## Exercise description
Transcribe the records in full, keeping every character as it is.

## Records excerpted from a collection
>>>>>
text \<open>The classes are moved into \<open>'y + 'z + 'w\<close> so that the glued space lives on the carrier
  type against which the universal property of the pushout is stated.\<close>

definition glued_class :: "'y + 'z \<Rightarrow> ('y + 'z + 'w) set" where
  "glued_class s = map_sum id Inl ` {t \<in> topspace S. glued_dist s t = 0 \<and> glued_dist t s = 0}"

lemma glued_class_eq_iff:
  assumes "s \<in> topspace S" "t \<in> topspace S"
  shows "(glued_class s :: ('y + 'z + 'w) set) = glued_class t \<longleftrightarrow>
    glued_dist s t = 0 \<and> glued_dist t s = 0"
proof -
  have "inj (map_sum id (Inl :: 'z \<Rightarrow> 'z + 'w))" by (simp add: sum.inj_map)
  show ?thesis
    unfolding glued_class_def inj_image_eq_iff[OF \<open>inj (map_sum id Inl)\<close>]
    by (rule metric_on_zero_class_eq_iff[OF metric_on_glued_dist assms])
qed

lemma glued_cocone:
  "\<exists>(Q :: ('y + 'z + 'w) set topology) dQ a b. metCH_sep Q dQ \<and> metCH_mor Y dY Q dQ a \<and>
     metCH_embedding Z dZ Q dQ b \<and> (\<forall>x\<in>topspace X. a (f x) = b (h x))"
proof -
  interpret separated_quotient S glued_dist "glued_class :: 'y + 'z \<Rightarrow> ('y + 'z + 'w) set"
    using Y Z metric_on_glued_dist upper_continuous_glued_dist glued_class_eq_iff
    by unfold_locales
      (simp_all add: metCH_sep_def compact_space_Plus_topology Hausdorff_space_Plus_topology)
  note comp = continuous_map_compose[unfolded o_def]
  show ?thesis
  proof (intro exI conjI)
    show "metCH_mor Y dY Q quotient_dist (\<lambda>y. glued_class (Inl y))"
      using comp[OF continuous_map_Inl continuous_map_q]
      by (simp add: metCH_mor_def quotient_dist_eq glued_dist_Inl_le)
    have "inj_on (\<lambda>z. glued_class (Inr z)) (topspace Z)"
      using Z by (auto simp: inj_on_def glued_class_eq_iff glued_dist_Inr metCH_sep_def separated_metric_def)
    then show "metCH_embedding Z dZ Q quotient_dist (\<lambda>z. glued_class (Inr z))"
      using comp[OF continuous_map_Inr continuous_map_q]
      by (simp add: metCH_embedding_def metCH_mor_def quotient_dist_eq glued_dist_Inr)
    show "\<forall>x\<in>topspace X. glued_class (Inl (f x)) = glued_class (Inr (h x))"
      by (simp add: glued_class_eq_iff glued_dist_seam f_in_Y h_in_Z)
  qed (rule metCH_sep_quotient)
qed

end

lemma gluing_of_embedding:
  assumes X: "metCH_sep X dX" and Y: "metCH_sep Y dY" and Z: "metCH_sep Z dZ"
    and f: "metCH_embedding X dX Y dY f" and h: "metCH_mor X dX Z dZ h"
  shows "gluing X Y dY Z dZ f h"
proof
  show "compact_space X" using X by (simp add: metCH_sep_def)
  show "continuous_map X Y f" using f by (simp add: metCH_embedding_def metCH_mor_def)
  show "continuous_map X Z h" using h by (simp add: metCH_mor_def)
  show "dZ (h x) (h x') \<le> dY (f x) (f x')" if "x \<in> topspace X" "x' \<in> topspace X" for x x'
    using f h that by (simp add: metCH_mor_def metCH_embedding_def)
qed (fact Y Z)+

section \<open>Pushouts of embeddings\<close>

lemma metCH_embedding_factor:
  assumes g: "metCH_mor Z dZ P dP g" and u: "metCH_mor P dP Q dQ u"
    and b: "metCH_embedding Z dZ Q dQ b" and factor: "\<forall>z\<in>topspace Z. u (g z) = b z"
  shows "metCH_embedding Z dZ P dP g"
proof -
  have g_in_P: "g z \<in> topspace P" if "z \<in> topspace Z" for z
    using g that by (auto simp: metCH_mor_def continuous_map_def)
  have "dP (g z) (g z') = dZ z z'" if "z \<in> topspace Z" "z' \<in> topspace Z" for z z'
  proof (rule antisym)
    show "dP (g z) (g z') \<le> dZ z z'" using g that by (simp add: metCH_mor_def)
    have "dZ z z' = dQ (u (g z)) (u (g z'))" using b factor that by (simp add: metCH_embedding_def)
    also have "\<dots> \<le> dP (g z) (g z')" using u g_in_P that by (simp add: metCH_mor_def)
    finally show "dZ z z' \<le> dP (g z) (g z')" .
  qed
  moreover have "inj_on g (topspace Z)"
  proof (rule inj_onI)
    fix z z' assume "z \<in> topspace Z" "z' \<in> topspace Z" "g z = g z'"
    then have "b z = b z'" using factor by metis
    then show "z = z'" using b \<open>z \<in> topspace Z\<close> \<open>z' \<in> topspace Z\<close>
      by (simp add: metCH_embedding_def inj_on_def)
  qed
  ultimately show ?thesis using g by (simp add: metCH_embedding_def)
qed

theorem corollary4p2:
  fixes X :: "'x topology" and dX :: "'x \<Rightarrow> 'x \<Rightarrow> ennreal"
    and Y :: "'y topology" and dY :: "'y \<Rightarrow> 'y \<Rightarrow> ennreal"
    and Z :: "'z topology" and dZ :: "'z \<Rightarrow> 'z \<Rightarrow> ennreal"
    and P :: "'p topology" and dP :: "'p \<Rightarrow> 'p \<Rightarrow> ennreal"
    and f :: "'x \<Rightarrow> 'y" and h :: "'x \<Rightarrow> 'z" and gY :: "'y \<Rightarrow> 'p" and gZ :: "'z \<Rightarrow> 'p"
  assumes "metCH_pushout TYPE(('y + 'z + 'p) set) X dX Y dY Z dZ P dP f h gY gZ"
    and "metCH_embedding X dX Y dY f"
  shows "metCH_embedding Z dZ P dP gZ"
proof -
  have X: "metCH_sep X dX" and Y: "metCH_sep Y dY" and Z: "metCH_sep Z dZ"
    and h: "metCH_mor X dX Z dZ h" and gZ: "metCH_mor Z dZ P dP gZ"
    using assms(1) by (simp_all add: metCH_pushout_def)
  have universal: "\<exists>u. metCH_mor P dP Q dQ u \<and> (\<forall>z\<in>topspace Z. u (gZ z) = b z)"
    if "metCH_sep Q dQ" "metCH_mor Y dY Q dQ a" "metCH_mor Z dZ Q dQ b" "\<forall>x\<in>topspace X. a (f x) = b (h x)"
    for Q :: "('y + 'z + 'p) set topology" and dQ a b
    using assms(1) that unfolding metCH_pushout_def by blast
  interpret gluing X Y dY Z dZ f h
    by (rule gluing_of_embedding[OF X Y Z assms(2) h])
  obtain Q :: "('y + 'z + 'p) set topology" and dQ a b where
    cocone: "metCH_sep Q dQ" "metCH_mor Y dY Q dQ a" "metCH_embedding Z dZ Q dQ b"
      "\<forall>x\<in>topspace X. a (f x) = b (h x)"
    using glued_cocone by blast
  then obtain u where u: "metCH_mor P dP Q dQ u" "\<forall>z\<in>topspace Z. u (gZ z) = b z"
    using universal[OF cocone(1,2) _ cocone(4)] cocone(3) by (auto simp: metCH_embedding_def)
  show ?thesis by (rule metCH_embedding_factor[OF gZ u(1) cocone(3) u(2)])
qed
<<<<<
## Your solution
text \<open>The classes are moved into \<open>'y + 'z + 'w\<close> so that the glued space lives on the carrier
  type against which the universal property of the pushout is stated.\<close>

definition glued_class :: "'y + 'z \<Rightarrow> ('y + 'z + 'w) set" where
  "glued_class s = map_sum id Inl ` {t \<in> topspace S. glued_dist s t = 0 \<and> glued_dist t s = 0}"

lemma glued_class_eq_iff:
  assumes "s \<in> topspace S" "t \<in> topspace S"
  shows "(glued_class s :: ('y + 'z + 'w) set) = glued_class t \<longleftrightarrow>
    glued_dist s t = 0 \<and> glued_dist t s = 0"
proof -
  have "inj (map_sum id (Inl :: 'z \<Rightarrow> 'z + 'w))" by (simp add: sum.inj_map)
  show ?thesis
    unfolding glued_class_def inj_image_eq_iff[OF \<open>inj (map_sum id Inl)\<close>]
    by (rule metric_on_zero_class_eq_iff[OF metric_on_glued_dist assms])
qed

lemma glued_cocone:
  "\<exists>(Q :: ('y + 'z + 'w) set topology) dQ a b. metCH_sep Q dQ \<and> metCH_mor Y dY Q dQ a \<and>
     metCH_embedding Z dZ Q dQ b \<and> (\<forall>x\<in>topspace X. a (f x) = b (h x))"
proof -
  interpret separated_quotient S glued_dist "glued_class :: 'y + 'z \<Rightarrow> ('y + 'z + 'w) set"
    using Y Z metric_on_glued_dist upper_continuous_glued_dist glued_class_eq_iff
    by unfold_locales
      (simp_all add: metCH_sep_def compact_space_Plus_topology Hausdorff_space_Plus_topology)
  note comp = continuous_map_compose[unfolded o_def]
  show ?thesis
  proof (intro exI conjI)
    show "metCH_mor Y dY Q quotient_dist (\<lambda>y. glued_class (Inl y))"
      using comp[OF continuous_map_Inl continuous_map_q]
      by (simp add: metCH_mor_def quotient_dist_eq glued_dist_Inl_le)
    have "inj_on (\<lambda>z. glued_class (Inr z)) (topspace Z)"
      using Z by (auto simp: inj_on_def glued_class_eq_iff glued_dist_Inr metCH_sep_def separated_metric_def)
    then show "metCH_embedding Z dZ Q quotient_dist (\<lambda>z. glued_class (Inr z))"
      using comp[OF continuous_map_Inr continuous_map_q]
      by (simp add: metCH_embedding_def metCH_mor_def quotient_dist_eq glued_dist_Inr)
    show "\<forall>x\<in>topspace X. glued_class (Inl (f x)) = glued_class (Inr (h x))"
      by (simp add: glued_class_eq_iff glued_dist_seam f_in_Y h_in_Z)
  qed (rule metCH_sep_quotient)
qed

end

lemma gluing_of_embedding:
  assumes X: "metCH_sep X dX" and Y: "metCH_sep Y dY" and Z: "metCH_sep Z dZ"
    and f: "metCH_embedding X dX Y dY f" and h: "metCH_mor X dX Z dZ h"
  shows "gluing X Y dY Z dZ f h"
proof
  show "compact_space X" using X by (simp add: metCH_sep_def)
  show "continuous_map X Y f" using f by (simp add: metCH_embedding_def metCH_mor_def)
  show "continuous_map X Z h" using h by (simp add: metCH_mor_def)
  show "dZ (h x) (h x') \<le> dY (f x) (f x')" if "x \<in> topspace X" "x' \<in> topspace X" for x x'
    using f h that by (simp add: metCH_mor_def metCH_embedding_def)
qed (fact Y Z)+

section \<open>Pushouts of embeddings\<close>

lemma metCH_embedding_factor:
  assumes g: "metCH_mor Z dZ P dP g" and u: "metCH_mor P dP Q dQ u"
    and b: "metCH_embedding Z dZ Q dQ b" and factor: "\<forall>z\<in>topspace Z. u (g z) = b z"
  shows "metCH_embedding Z dZ P dP g"
proof -
  have g_in_P: "g z \<in> topspace P" if "z \<in> topspace Z" for z
    using g that by (auto simp: metCH_mor_def continuous_map_def)
  have "dP (g z) (g z') = dZ z z'" if "z \<in> topspace Z" "z' \<in> topspace Z" for z z'
  proof (rule antisym)
    show "dP (g z) (g z') \<le> dZ z z'" using g that by (simp add: metCH_mor_def)
    have "dZ z z' = dQ (u (g z)) (u (g z'))" using b factor that by (simp add: metCH_embedding_def)
    also have "\<dots> \<le> dP (g z) (g z')" using u g_in_P that by (simp add: metCH_mor_def)
    finally show "dZ z z' \<le> dP (g z) (g z')" .
  qed
  moreover have "inj_on g (topspace Z)"
  proof (rule inj_onI)
    fix z z' assume "z \<in> topspace Z" "z' \<in> topspace Z" "g z = g z'"
    then have "b z = b z'" using factor by metis
    then show "z = z'" using b \<open>z \<in> topspace Z\<close> \<open>z' \<in> topspace Z\<close>
      by (simp add: metCH_embedding_def inj_on_def)
  qed
  ultimately show ?thesis using g by (simp add: metCH_embedding_def)
qed

theorem corollary4p2:
  fixes X :: "'x topology" and dX :: "'x \<Rightarrow> 'x \<Rightarrow> ennreal"
    and Y :: "'y topology" and dY :: "'y \<Rightarrow> 'y \<Rightarrow> ennreal"
    and Z :: "'z topology" and dZ :: "'z \<Rightarrow> 'z \<Rightarrow> ennreal"
    and P :: "'p topology" and dP :: "'p \<Rightarrow> 'p \<Rightarrow> ennreal"
    and f :: "'x \<Rightarrow> 'y" and h :: "'x \<Rightarrow> 'z" and gY :: "'y \<Rightarrow> 'p" and gZ :: "'z \<Rightarrow> 'p"
  assumes "metCH_pushout TYPE(('y + 'z + 'p) set) X dX Y dY Z dZ P dP f h gY gZ"
    and "metCH_embedding X dX Y dY f"
  shows "metCH_embedding Z dZ P dP gZ"
proof -
  have X: "metCH_sep X dX" and Y: "metCH_sep Y dY" and Z: "metCH_sep Z dZ"
    and h: "metCH_mor X dX Z dZ h" and gZ: "metCH_mor Z dZ P dP gZ"
    using assms(1) by (simp_all add: metCH_pushout_def)
  have universal: "\<exists>u. metCH_mor P dP Q dQ u \<and> (\<forall>z\<in>topspace Z. u (gZ z) = b z)"
    if "metCH_sep Q dQ" "metCH_mor Y dY Q dQ a" "metCH_mor Z dZ Q dQ b" "\<forall>x\<in>topspace X. a (f x) = b (h x)"
    for Q :: "('y + 'z + 'p) set topology" and dQ a b
    using assms(1) that unfolding metCH_pushout_def by blast
  interpret gluing X Y dY Z dZ f h
    by (rule gluing_of_embedding[OF X Y Z assms(2) h])
  obtain Q :: "('y + 'z + 'p) set topology" and dQ a b where
    cocone: "metCH_sep Q dQ" "metCH_mor Y dY Q dQ a" "metCH_embedding Z dZ Q dQ b"
      "\<forall>x\<in>topspace X. a (f x) = b (h x)"
    using glued_cocone by blast
  then obtain u where u: "metCH_mor P dP Q dQ u" "\<forall>z\<in>topspace Z. u (gZ z) = b z"
    using universal[OF cocone(1,2) _ cocone(4)] cocone(3) by (auto simp: metCH_embedding_def)
  show ?thesis by (rule metCH_embedding_factor[OF gZ u(1) cocone(3) u(2)])
qed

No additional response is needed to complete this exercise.